What has been described herein in the specification and drawings includes examples that enable intelligent cabinet customization methods and apparatus to be provided. It will, of course, not be possible to describe every conceivable combination of components and/or methodologies for purposes of describing the various features of the disclosure, but it can be appreciated that many further combinations and permutations of the disclosed features are possible. It is therefore evident that various modifications can be made to the disclosure without departing from the scope or spirit thereof. In addition, or in the alternative, other embodiments of the disclosure may be apparent from consideration of the specification and drawings and from practice of the disclosure as presented herein. It is intended that the examples set forth in this specification and the drawings be considered in all respects as illustrative and not restrictive. Although specific terms are employed herein, they are used in a generic and descriptive sense only and not for purposes of limitation.

Claims

1. A data processing method for an educational operating system, the method comprising:

obtaining original table data to be renamed of HIVE;

analyzing the type of the original table data;

adding the mapping of the original table data into the new table data to obtain data corresponding to the new table data;

before obtaining the original table data to be renamed of the HIVE, the method comprises the following steps:

setting a mapping relation between the type of original table data and a new name in advance;

the type of the original table data is analyzed, including:

analyzing a data layer to which the original table data belongs;

analyzing the result type of the original table data;

the data layer includes: the system comprises a source data access layer, a detail model layer, a polymerization model layer, a temporary data layer and a final result data layer;

the result type comprises a basic type source data table, a calculation result type data table and a temporary result type data table;

the modifying the name of the original table data into a new name according to the type of the original table data to obtain new table data comprises the following steps:

modifying the name of the original table data into a new name to obtain new table data;

the parsing the type of the raw table data further comprises:

analyzing the service type of the original table data;

the predefined rule is that the source data access layer uses sss as a prefix mark, the detail model layer uses ddd as a prefix mark, the aggregation model layer uses ggg as a prefix mark, the temporary data layer uses ttt as a prefix mark, and the final result data uses rrr as a prefix mark; using x as a result identifier for the basic class source data table; the calculation result type data table uses y as a result type identifier, the temporary result type data table uses z as a result type identifier, and the table renaming rule is as follows: and if the prefix identification is the result type identification, the name of the new table is sss _ x, and the name of the original table data is modified into sss _ x to obtain new table data.

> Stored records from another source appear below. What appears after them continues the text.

lemma qder_powser:
  assumes q: "0 < q" "q < 1" and h: "\<And>y. y \<in> ball 0 \<rho> \<Longrightarrow> (\<lambda>n. a n * y ^ n) sums h y"
    and x: "x \<in> ball 0 \<rho>"
  shows "(\<lambda>n. qder_coeffs q a n * x ^ n) sums qder q h x"
proof (cases "x = 0")
  case False
  then show ?thesis
    using qquot_powser[OF q h x] by (simp add: qder_def)
next
  case True
  \<comment> \<open>The series of the difference quotients is a power series, hence continuous at 0.\<close>
  define P where "P y = (\<Sum>n. qder_coeffs q a n * y ^ n)" for y
  have \<rho>: "0 < \<rho>"
    using x by (metis mem_ball_0 norm_ge_zero le_less_trans)
  have quot: "qquot q h y = P y" if "y \<in> ball 0 \<rho>" "y \<noteq> 0" for y
    using qquot_powser[OF q h that] unfolding P_def by (simp add: sums_iff)
  have "summable (\<lambda>n. qder_coeffs q a n * complex_of_real (\<rho> / 2) ^ n)"
    using qquot_powser[OF q h, where y="complex_of_real (\<rho> / 2)"] \<rho> by (auto simp: sums_iff)
  then have "isCont P 0"
    unfolding P_def by (rule isCont_powser) (use \<rho> in simp)
  then have "(P \<longlongrightarrow> P 0) (at 0)"
    by (simp add: isCont_def)
  moreover have "\<forall>\<^sub>F y in at 0. P y = qquot q h y"
    unfolding eventually_at using \<rho> quot by (intro exI[of _ \<rho>]) (auto simp: dist_norm)
  ultimately have "(qquot q h \<longlongrightarrow> P 0) (at 0)"
    by (rule Lim_transform_eventually)
  then have "qder q h 0 = qder_coeffs q a 0"
    unfolding qder_def P_def by (simp add: tendsto_Lim)
  then show ?thesis
    using True by simp
qed

lemma qder_iterate_powser:
  assumes q: "0 < q" "q < 1" and h: "\<And>y. y \<in> ball 0 \<rho> \<Longrightarrow> (\<lambda>n. a n * y ^ n) sums h y"
    and x: "x \<in> ball 0 \<rho>"
  shows "(\<lambda>n. (qder_coeffs q ^^ k) a n * x ^ n) sums (qder q ^^ k) h x"
  using x
proof (induction k arbitrary: x)
  case 0
  then show ?case using h by simp
next
  case (Suc k)
  then show ?case
    using qder_powser[OF q, of \<rho> "(qder_coeffs q ^^ k) a"] by simp
qed

lemma norm_qder_coeffs_iterate_le:
  assumes q: "0 \<le> q" "q < 1" and \<rho>: "0 < \<rho>" and a: "\<And>n. norm (a n) \<le> B / \<rho> ^ n"
  shows "norm ((qder_coeffs q ^^ k) a n) \<le> B * (1 / (\<rho> * (1 - q))) ^ k / \<rho> ^ n"
proof (induction k arbitrary: n)
  case 0
  then show ?case using a by simp
next
  case (Suc k)
  have "0 \<le> B"
    using order_trans[OF norm_ge_zero a[of 0]] by simp
  have "norm ((qder_coeffs q ^^ Suc k) a n)
      = qnumber q (Suc n) * norm ((qder_coeffs q ^^ k) a (Suc n))"
    using qnumber_nonneg[OF q] by (simp add: qder_coeffs_def norm_mult)
  also have "\<dots> \<le> 1 / (1 - q) * (B * (1 / (\<rho> * (1 - q))) ^ k / \<rho> ^ Suc n)"
    using q \<open>0 \<le> B\<close> \<rho> by (intro mult_mono Suc.IH qnumber_le) auto
  also have "\<dots> = B * (1 / (\<rho> * (1 - q))) ^ Suc k / \<rho> ^ n"
    using q \<rho> by (simp add: field_simps)
  finally show ?case .
qed

lemma norm_powser_sum_le:
  fixes c :: "nat \<Rightarrow> 'a :: {real_normed_field, banach}"
  assumes s: "(\<lambda>n. c n * x ^ n) sums s" and c: "\<And>n. norm (c n) \<le> K / \<rho> ^ n" and x: "norm x < \<rho>"
  shows "norm s \<le> K / (1 - norm x / \<rho>)"
proof -
  have \<rho>: "0 < \<rho>"
    using x norm_ge_zero[of x] by linarith
  have term_le: "norm (c n * x ^ n) \<le> K * (norm x / \<rho>) ^ n" for n
  proof -
    have "norm (c n) * norm x ^ n \<le> K / \<rho> ^ n * norm x ^ n"
      by (rule mult_right_mono[OF c]) simp
    then show ?thesis
      by (simp add: norm_mult norm_power power_divide)
  qed
  have geometric: "(\<lambda>n. K * (norm x / \<rho>) ^ n) sums (K / (1 - norm x / \<rho>))"
    using sums_mult[OF geometric_sums[of "norm x / \<rho>"], of K] x \<rho> by simp
  have "norm s = norm (\<Sum>n. c n * x ^ n)"
    using s by (simp add: sums_iff)
  also have "\<dots> \<le> (\<Sum>n. K * (norm x / \<rho>) ^ n)"
    using geometric by (intro norm_suminf_le term_le) (simp add: sums_iff)
  also have "\<dots> = K / (1 - norm x / \<rho>)"
    using geometric by (simp add: sums_iff)
  finally show ?thesis .
qed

2. A data processing apparatus for an educational operating system, the apparatus comprising at least one processor; and the number of the first and second groups,

the memory stores instructions executable by the at least one processor to enable the at least one processor to perform the data processing method for an educational operating system of claim 1.

3. A non-transitory computer-readable storage medium storing computer-executable instructions that, when executed by one or more processors, cause the one or more processors to perform the data processing method for an educational operating system of claim 1.